Model of ground-water flow with stream-aquifer interaction in the Upper Floridan aquifer included:

• Simulated pumpage at 3,280 irrigation, municipal, and industrial wells tapping the Upper Floridan aquifer; ground-water and surface-water exchange along 36 streams; recharge by direct infiltration and vertical leakage, and discharge to the upper semiconfining unit; and regional flow across model and basin boundaries.
• Calibration to October 1999, steady-state drought conditions using 275 measured ground-water levels and streamflow gains and losses along 53 reaches.
• Simulated transient conditions of March 2001– February 2002 containing time-varying irrigation pumpage, stream and lake stage, upper-confining unit water level, and recharge by direct infiltration to the Upper Floridan aquifer.

Progress and Significant Results, 2002—2003

• Collected new hydrogeologic data defining aquifer and semiconfining-unit thickness and extent, and evaluated results of aquifer-performance tests; incorporated new information into Ground-Water-Site-Inventory database.
• Compiled recent (post-1986) hydrogeologic information on aquifer and semiconfining-unit thickness and extent, hydraulic properties, and pumpage, from GaEPD records.
• Incorporated well coordinates from agricultural wells, obtained by GaEPD using global-positioning-system technology, into local database used for developing model inputs.
• Analyzed agricultural withdrawal data for spatial and temporal relations.
• Evaluated ground-water-level measurements, stream-discharge data, hydrograph-separation methods, and off-stream springflow for October 1999, April 2000, and August 2000 conditions to define ground-water flow to streams.
• Installed five real-time streamgaging stations and upgraded one station for water-quality and acoustic velocity metering.
• Added 12 sites to monitor-well network of hourly groundwater- level recorders and one real-time satellite station.
• Initiated application of USGS transient finite-element model, MODFE, and development of automated input/output graphical user interface.

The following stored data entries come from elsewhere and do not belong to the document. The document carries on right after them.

(* For each integer $d\ge 2$ define $$\alpha_d \;=\; \inf_{-\frac{1}{d-1}\le \gamma<\frac{1}{d+1}} \frac{1-\frac{F^*(d^2-1,\gamma)}{(d-1)^2}}{1-(d+1)\gamma}.$$ Then (i) $\alpha_d>\frac12\left(1-\frac1d\right)$ for every integer $d\ge 2$, and (ii) $\alpha_d-\frac12\left(1-\frac1d\right)\sim \frac{1}{2d^3}$ as $d\to\infty$, i.e. $\lim_{d\to\infty} 2d^3\left(\alpha_d-\frac12(1-\frac1d)\right)=1$.
   Context: For an integer $k\ge1$ and $\gamma\in[-1,1]$, $$F^*(k,\gamma)=\frac{2\gamma}{k}\left(\frac{\Gamma((k+1)/2)}{\Gamma(k/2)}\right)^2 {}_2F_1\!\left(\tfrac12,\tfrac12;\tfrac k2+1;\gamma^2\right),$$ where ${}_2F_1(a,b;c;z)=\sum_{n\ge0}\frac{(a)_n(b)_n}{(c)_n}\frac{z^n}{n!}$ is the Gaussian hypergeometric function and $(x)_n=\prod_{j=0}^{n-1}(x+j)$. (Equivalently, $F^*(k,\gamma)=\mathbb E\left\langle \frac{Zu}{\|Zu\|},\frac{Zv}{\|Zv\|}\right\rangle$ for unit vectors $u,v$ with $\langle u,v\rangle=\gamma$ and $Z$ a $k\times n$ matrix with i.i.d. standard Gaussian entries.) *)

theory Defs
  imports "HOL-Analysis.Analysis"
begin

definition hyp2F1 :: "real \<Rightarrow> real \<Rightarrow> real \<Rightarrow> real \<Rightarrow> real" where
  "hyp2F1 a b c z =
     (\<Sum>n. pochhammer a n * pochhammer b n / pochhammer c n * z ^ n / fact n)"

definition Fstar :: "nat \<Rightarrow> real \<Rightarrow> real" where
  "Fstar k \<gamma> = 2 * \<gamma> / real k * (Gamma ((real k + 1) / 2) / Gamma (real k / 2))\<^sup>2
      * hyp2F1 (1/2) (1/2) (real k / 2 + 1) (\<gamma>\<^sup>2)"

definition alpha :: "nat \<Rightarrow> real" where
  "alpha d = (INF \<gamma>\<in>{-1 / (real d - 1)..<1 / (real d + 1)}.
      (1 - Fstar (d\<^sup>2 - 1) \<gamma> / (real d - 1)\<^sup>2) / (1 - (real d + 1) * \<gamma>))"

end

theory Submission
  imports Defs "HOL-Real_Asymp.Real_Asymp"
begin

text \<open>Write \<open>F\<^sup>*(k,\<gamma>) = \<kappa>\<^sub>k H\<^sub>k(\<gamma>\<^sup>2) \<gamma>\<close> with \<open>H\<^sub>k = \<^sub>2F\<^sub>1(1/2,1/2;k/2+1;\<cdot>)\<close>.
  Log-convexity of \<open>\<Gamma>\<close> pins the constant \<open>\<kappa>\<^sub>k\<close> between \<open>k/(k+1)\<close> and \<open>1\<close>, and comparing
  the series termwise gives \<open>1 \<le> H\<^sub>k(z) \<le> 1/(1-z)\<close>. For \<open>\<gamma> \<le> 0\<close> the lower bounds turn the
  objective into a quotient of affine functions of \<open>|\<gamma>|\<close> that decreases towards the endpoint
  \<open>\<gamma> = -1/(d-1)\<close>, where it equals \<open>(d-1)/(2d) + (d+1)/(2d\<^sup>3(d-1))\<close>; for \<open>\<gamma> > 0\<close> the objective
  exceeds \<open>1/2\<close>. Evaluating the objective at that endpoint with the upper bounds gives
  \<open>\<alpha>\<^sub>d \<le> (d-1)/(2d) + 1/(2d\<^sup>2(d-2))\<close>. Both bounds are \<open>(1-1/d)/2 + 1/(2d\<^sup>3) + O(d\<^sup>-\<^sup>4)\<close>.\<close>

lemma pochhammer_mono_left:
  assumes "0 \<le> a" "a \<le> (b::real)"
  shows "pochhammer a n \<le> pochhammer b n"
proof (induction n)
  case (Suc n)
  have "0 \<le> pochhammer a n"
    using assms by (auto simp: pochhammer_prod intro!: prod_nonneg)
  then have "pochhammer a n * (a + real n) \<le> pochhammer b n * (b + real n)"
    using Suc assms by (intro mult_mono) auto
  then show ?case by (simp add: pochhammer_Suc)
qed simp

lemma pochhammer_half_div_five_halves:
  "pochhammer (1/2) n / pochhammer (5/2) n = 3 / ((2 * real n + 1) * (2 * real n + 3))"
proof -
  have "pochhammer (1/2::real) n * pochhammer (1/2 + real n) 2 = pochhammer (1/2) 2 * pochhammer (5/2) n"
    using pochhammer_product'[of "1/2::real" n 2] pochhammer_product'[of "1/2::real" 2 n]
    by (simp add: add.commute)
  then have "pochhammer (1/2) n * ((2 * real n + 1) * (2 * real n + 3)) = 3 * pochhammer (5/2) n"
    by (simp add: numeral_2_eq_2 pochhammer_Suc algebra_simps)
  moreover have "0 < pochhammer (5/2::real) n" "0 < (2 * real n + 1) * (2 * real n + 3)"
    by (simp_all add: pochhammer_pos)
  ultimately show ?thesis
    by (simp add: field_simps)
qed

definition hyp2F1_term :: "real \<Rightarrow> real \<Rightarrow> real \<Rightarrow> real \<Rightarrow> nat \<Rightarrow> real" where
  "hyp2F1_term a b c z n = pochhammer a n * pochhammer b n / pochhammer c n * z ^ n / fact n"

lemma hyp2F1_eq_suminf: "hyp2F1 a b c z = suminf (hyp2F1_term a b c z)"
  unfolding hyp2F1_def hyp2F1_term_def ..

lemma hyp2F1_half_half_term_bounds:
  assumes "1/2 \<le> c" "0 \<le> z"
  shows "0 \<le> hyp2F1_term (1/2) (1/2) c z n"
    and "hyp2F1_term (1/2) (1/2) c z n \<le> pochhammer (1/2) n / pochhammer c n * z ^ n"
proof -
  have p: "0 \<le> pochhammer (1/2::real) n" "0 < pochhammer c n"
    using assms by (auto simp: pochhammer_nonneg pochhammer_pos)
  have "pochhammer (1/2) n \<le> (fact n :: real)"
    unfolding pochhammer_fact by (rule pochhammer_mono_left) auto
  then have f: "pochhammer (1/2) n / fact n \<le> (1::real)" by simp
  have eq: "hyp2F1_term (1/2) (1/2) c z n
      = pochhammer (1/2) n / fact n * (pochhammer (1/2) n / pochhammer c n * z ^ n)"
    unfolding hyp2F1_term_def by (simp add: mult_ac)
  show "0 \<le> hyp2F1_term (1/2) (1/2) c z n" unfolding eq using p assms by simp
  show "hyp2F1_term (1/2) (1/2) c z n \<le> pochhammer (1/2) n / pochhammer c n * z ^ n"
    unfolding eq using mult_right_mono[OF f, of "pochhammer (1/2) n / pochhammer c n * z ^ n"] p assms
    by simp
qed

lemma hyp2F1_half_half_term_le_power:
  assumes "1/2 \<le> c" "0 \<le> z"
  shows "hyp2F1_term (1/2) (1/2) c z n \<le> z ^ n"
proof -
  have "pochhammer (1/2) n / pochhammer c n \<le> (1::real)"
    using pochhammer_mono_left[of "1/2" c n] assms by (simp add: pochhammer_pos)
  then have "pochhammer (1/2) n / pochhammer c n * z ^ n \<le> 1 * z ^ n"
    using assms by (intro mult_right_mono) auto
  then show ?thesis using hyp2F1_half_half_term_bounds(2)[OF assms, of n] by linarith
qed

lemma three_div_odd_product_le:
  "3 / ((2 * real n + 1) * (2 * real n + 3)) \<le> 3 * inverse (real (Suc n) ^ 2)"
proof -
  have "real (Suc n) ^ 2 \<le> (2 * real n + 1) * (2 * real n + 3)"
    by (simp add: power2_eq_square algebra_simps)
  then have "inverse ((2 * real n + 1) * (2 * real n + 3)) \<le> inverse (real (Suc n) ^ 2)"
    by (rule le_imp_inverse_le) simp
  then show ?thesis
    by (simp add: divide_inverse)
qed

text \<open>For \<open>c \<ge> 5/2\<close> the terms are dominated by \<open>(1/2)\<^sub>n / (5/2)\<^sub>n = O(n\<^sup>-\<^sup>2)\<close>, so the series
  converges even at \<open>z = 1\<close>, which is reached by \<open>\<gamma> = -1\<close> when \<open>d = 2\<close>.\<close>
lemma summable_hyp2F1_half_half:
  assumes "5/2 \<le> c" "0 \<le> z" "z \<le> 1"
  shows "summable (hyp2F1_term (1/2) (1/2) c z)"
proof (rule summable_comparison_test'[where N = 0])
  have "summable (\<lambda>n. inverse (real (Suc n) ^ 2))"
    using inverse_power_summable[of 2, where 'a = real]
    by (subst summable_Suc_iff[of "\<lambda>n. inverse (real n ^ 2)"]) simp
  then show "summable (\<lambda>n. 3 * inverse (real (Suc n) ^ 2))" by (rule summable_mult)
next
  fix n
  have p: "0 \<le> pochhammer (1/2::real) n" "0 < pochhammer (5/2::real) n"
    by (simp_all add: pochhammer_nonneg pochhammer_pos)
  have "pochhammer (1/2) n / pochhammer c n \<le> pochhammer (1/2) n / pochhammer (5/2) n"
    using p pochhammer_mono_left[of "5/2" c n] assms(1) by (intro divide_left_mono) auto
  moreover have "z ^ n \<le> 1" using assms by (simp add: power_le_one)
  ultimately have "pochhammer (1/2) n / pochhammer c n * z ^ n
      \<le> pochhammer (1/2) n / pochhammer (5/2) n * 1"
    using p assms by (intro mult_mono) auto
  then have "hyp2F1_term (1/2) (1/2) c z n \<le> 3 * inverse (real (Suc n) ^ 2)"
    using hyp2F1_half_half_term_bounds(2)[of c z n] assms three_div_odd_product_le[of n]
    unfolding pochhammer_half_div_five_halves by linarith
  then show "norm (hyp2F1_term (1/2) (1/2) c z n) \<le> 3 * inverse (real (Suc n) ^ 2)"
    using hyp2F1_half_half_term_bounds(1)[of c z n] assms by simp
qed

Progress and Significant Results, 2001

• Located 25 sites for test boring, geophysical logging, well drilling and installation, and aquifer testing; 23 sites were found suitable for drilling and aquifer testing (map, facing page).
• Compiled existing hydrogeologic information into digital form and assembled structure-contour maps of Upper Floridan aquifer and surficial units. Maps enabled development of hydrogeologic framework.
• Prepared well data for entry to Ground-Water Site Inventory (GWSI) database.
• Initiated development of graphical user interface (GUI) for processing data into model inputs and for depicting model results.
• Estimated ground-water contribution to streamflow for selected reaches during three periods of low flow during 1999–2000 using hydrograph separation techniques.